My guess is that the default parameters used with DADA2 may be too stringent for your extremely small dataset, since the tool models error profiles found in current sequencing technologies (e.g. MiSeq runs). The error message suggests modifying --p-max-ee and/or --p-trunc-q; that may be something you could try.

Hi @jairideout, that's rigth I have a single sample containing 100 reads.
I wanted to test QIIME2 functionalities quickly wiht a little dataset.

I tried to modifyng --p-max-ee and/or --p-trunc-q but I get the same error.
In printed messages, the first error message corresponds to DADA2:

Error: No reads passed the filter (were truncLenF/R longer than the read lengths?)

I also tried to modify --p-trunc-len-f and --p-trunc-len-r option with a value of 50 for example but I get the same error message again.

Is it an error from myself or could it be a bug ?

My idea is to performed taxonomic classification. I have to choose between classify-consensus-blast, classify-consensus-vsearch and classify-sklearn after using denoise-paired right ?

Thank you for your answer and your time!

Best,
Thibaut

Hi Thibaut,
Are there Ns in your test dataset? DADA2 requires no Ns, so if every read has an N you will lose all your reads. If that’s not it, could you share this small test fastq file?

1 Like

Hi, thank you! You found what my problem is!

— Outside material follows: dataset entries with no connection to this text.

theorem proposition2p8:
  fixes d :: nat
    and \<phi> :: "(nat \<Rightarrow> real) \<Rightarrow> (nat \<Rightarrow> real)"
    and L :: "(nat \<Rightarrow> real) set"
    and \<gamma> :: "real \<Rightarrow> (nat \<Rightarrow> real)"
    and Z :: "'z topology"
    and \<zeta> :: "'z \<Rightarrow> 'z"
    and \<iota> :: "(nat \<Rightarrow> real) \<Rightarrow> 'z"
    and q :: "'z \<Rightarrow> (nat \<Rightarrow> real)"
    and W :: "'w topology"
    and h :: "(nat \<Rightarrow> real) \<Rightarrow> ('w \<times> (nat \<Rightarrow> real)) \<Rightarrow> ('w \<times> (nat \<Rightarrow> real))"
  assumes d_odd: "odd d" and d_ge: "d \<ge> 3"
    \<comment> \<open>the minimal homeomorphism (diffeomorphism) of S^d\<close>
    and phi_min: "minimal_homeo (nsphere d) \<phi>"
    \<comment> \<open>L_\<infinity>: phi-invariant image of an injective continuous map R -> S^d\<close>
    and gamma_cont: "continuous_map euclideanreal (nsphere d) \<gamma>"
    and gamma_inj: "inj \<gamma>"
    and L_def: "L = range \<gamma>"
    and L_inv: "\<phi> ` L = L"
    \<comment> \<open>Z: compact metric space containing S^d - L as a dense subset (via the inclusion iota)\<close>
    and Z_compact: "compact_space Z"
    and Z_metr: "metrizable_space Z"
    and iota_inj: "inj_on \<iota> (topspace (nsphere d) - L)"
    and iota_into: "\<iota> ` (topspace (nsphere d) - L) \<subseteq> topspace Z"
    and iota_dense: "Z closure_of (\<iota> ` (topspace (nsphere d) - L)) = topspace Z"
    \<comment> \<open>zeta: minimal homeomorphism of Z extending phi restricted to S^d - L\<close>
    and zeta_min: "minimal_homeo Z \<zeta>"
    and zeta_ext: "\<And>x. x \<in> topspace (nsphere d) - L \<Longrightarrow> \<zeta> (\<iota> x) = \<iota> (\<phi> x)"
    \<comment> \<open>q: almost one-to-one factor map Z -> S^d, the identity on S^d - L\<close>
    and q_cont: "continuous_map Z (nsphere d) q"
    and q_surj: "q ` topspace Z = topspace (nsphere d)"
    and q_factor: "\<And>z. z \<in> topspace Z \<Longrightarrow> q (\<zeta> z) = \<phi> (q z)"
    and q_id: "\<And>x. x \<in> topspace (nsphere d) - L \<Longrightarrow> q (\<iota> x) = x"
    and q_fibre: "\<And>z. z \<in> topspace Z \<Longrightarrow> q z \<notin> L \<Longrightarrow> z \<in> \<iota> ` (topspace (nsphere d) - L)"
    \<comment> \<open>W: finite connected CW complex\<close>
    and W_CW: "finite_CW_complex W"
    and W_conn: "connected_space W"
    \<comment> \<open>h : S^d -> Homeo(W x Q) continuous\<close>
    and h_homeo: "\<And>s. s \<in> topspace (nsphere d) \<Longrightarrow>
                    homeomorphic_map (prod_topology W hilbert_cube) (prod_topology W hilbert_cube) (h s)"
    and h_cont: "continuous_map (prod_topology (nsphere d) (prod_topology W hilbert_cube))
                   (prod_topology W hilbert_cube) (\<lambda>(s, x). h s x)"
    \<comment> \<open>the skew product over phi is minimal\<close>
    and skew_min: "minimal_homeo (prod_topology (nsphere d) (prod_topology W hilbert_cube))
                     (\<lambda>(s, x). (\<phi> s, h s x))"
  shows "minimal_homeo (prod_topology Z (prod_topology W hilbert_cube))
           (\<lambda>(z, x). (\<zeta> z, h (q z) x))"
proof -
  let ?X = "prod_topology W hilbert_cube"
  have \<phi>: "homeomorphic_map (nsphere d) (nsphere d) \<phi>" and \<zeta>: "homeomorphic_map Z Z \<zeta>"
    using phi_min zeta_min by (simp_all add: minimal_homeo_def)
  have "homeomorphic_map (prod_topology (nsphere d) ?X) (prod_topology (nsphere d) ?X) (\<lambda>(s, x). (\<phi> s, h s x))"
    using skew_min by (simp add: minimal_homeo_def)
  then have "homeomorphic_map (prod_topology (nsphere d) ?X) (prod_topology (nsphere d) ?X) (\<lambda>(s, x). (s, h s x))"
    by (rule homeomorphic_map_skew_iff_fibrewise[OF \<phi>, THEN iffD1])
  then have "homeomorphic_map (prod_topology Z ?X) (prod_topology Z ?X) (\<lambda>(z, x). (z, h (q z) x))"
    using q_cont by (rule homeomorphic_map_fibrewise_pullback)
  then have skew_homeo: "homeomorphic_map (prod_topology Z ?X) (prod_topology Z ?X) (\<lambda>(z, x). (\<zeta> z, h (q z) x))"
    by (rule homeomorphic_map_skew_iff_fibrewise[OF \<zeta>, THEN iffD2])
  have q_a11: "almost_one_to_one Z q"
  proof (rule almost_one_to_one_of_dense_section[OF iota_dense iota_into])
    show "q (\<iota> s) = s" if "s \<in> topspace (nsphere d) - L" for s
      using q_id that .
    show "z \<in> \<iota> ` (topspace (nsphere d) - L)" if "z \<in> topspace Z" "q z \<in> topspace (nsphere d) - L" for z
      using that by (intro q_fibre) auto
  qed
  have "Hausdorff_space (nsphere d)"
    unfolding nsphere_def by (rule Hausdorff_space_subtopology[OF Hausdorff_Euclidean_space])
  then have q_closed: "closed_map (prod_topology Z ?X) (prod_topology (nsphere d) ?X) (\<lambda>(z, x). (q z, x))"
    using Z_compact q_cont by (simp add: closed_map_prod_left_of_compact)
  show ?thesis
  proof (rule minimal_homeo_almost_one_to_one_extension
      [OF skew_min skew_homeo q_closed almost_one_to_one_prod_left[OF q_a11]])
    fix p assume "p \<in> topspace (prod_topology Z ?X)"
    then show "(\<lambda>(z, x). (q z, x)) ((\<lambda>(z, x). (\<zeta> z, h (q z) x)) p) = (\<lambda>(s, x). (\<phi> s, h s x)) ((\<lambda>(z, x). (q z, x)) p)"
      using q_factor by (auto split: prod.splits)
  qed
qed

All the forward reads have a N at the first position and 37/100 reverse reads have at least a N.

Is there another way to create input files needed by classification QIIME command like classify-consensus-blast, classify-consensus-vsearch and classify-sklearn ?

Thank you again!
Thib

Hi Thibaut,
You should be able to solve the N issue on the forward reads by trimming off those bases. Could you try the p-trim-left-f parameter, with a value of perhaps 3, to get rid of that first problematic base? Hopefully then you will get at least the 63/100 with no N in the reverse read through.

Another option is to import a biom tables or sequence data directly: https://docs.qiime2.org/2017.4/tutorials/importing/#feature-table-data

2 Likes

Is there another way to create input files needed by classification QIIME command like classify-consensus-blast, classify-consensus-vsearch and classify-sklearn ?

If you're just interested in testing out taxonomy assignment with your sequences, you can import them into a FeatureData[Sequence] artifact and perform taxonomy assignment as detailed in this tutorial.

Thank you for your time and your answer @benjjneb and @jairideout !

I will try that !

Best,
Thibaut

2 Likes

Hi again @benjjneb,

I tried the following command:

qiime dada2 denoise-paired --i-demultiplexed-seqs paired-end.qza --p-trim-left-f 10 --p-trim-left-r 10 --p-trunc-len-f 100 --p-trunc-len-r 100 --o-table table --output-dir output --verbose

But unfortunately I get the same error message.

I also took a look at your link but I have FASTQ files, not biom or fasta format.

Here are my read files (I add .txt extension to be able to upload them here). They contain 100 reads each:
reads1.fastq.gz.txt (11.8 KB)
reads2.fastq.gz.txt (11.5 KB)

Thibaut

Hi Thibaut,
For now I suggest converting your FASTQ to a FASTA and importing that way, if you just want to classify the sequences.

There is a small bug in the 1.2 version of the DADA2 package the plugin is using (minQ is enforced before trimming, rather than after) that is preventing p-trim-left-f from working as expected. So you would need to trim off that bad staring base position with another bit of software to get it to work with the current QIIME2 plugin. When the plugin upgrades to the 1.4 version of DADA2 the p-trim-left-f approach should work.

1 Like

Hi @benjjneb,

Thank you again for your answers and your time!

I’ll wait for future update!

Thibaut

I've captured a bug-report here, this should get fixed in 2017.5 at the latest.

This topic was automatically closed 31 days after the last reply. New replies are no longer allowed.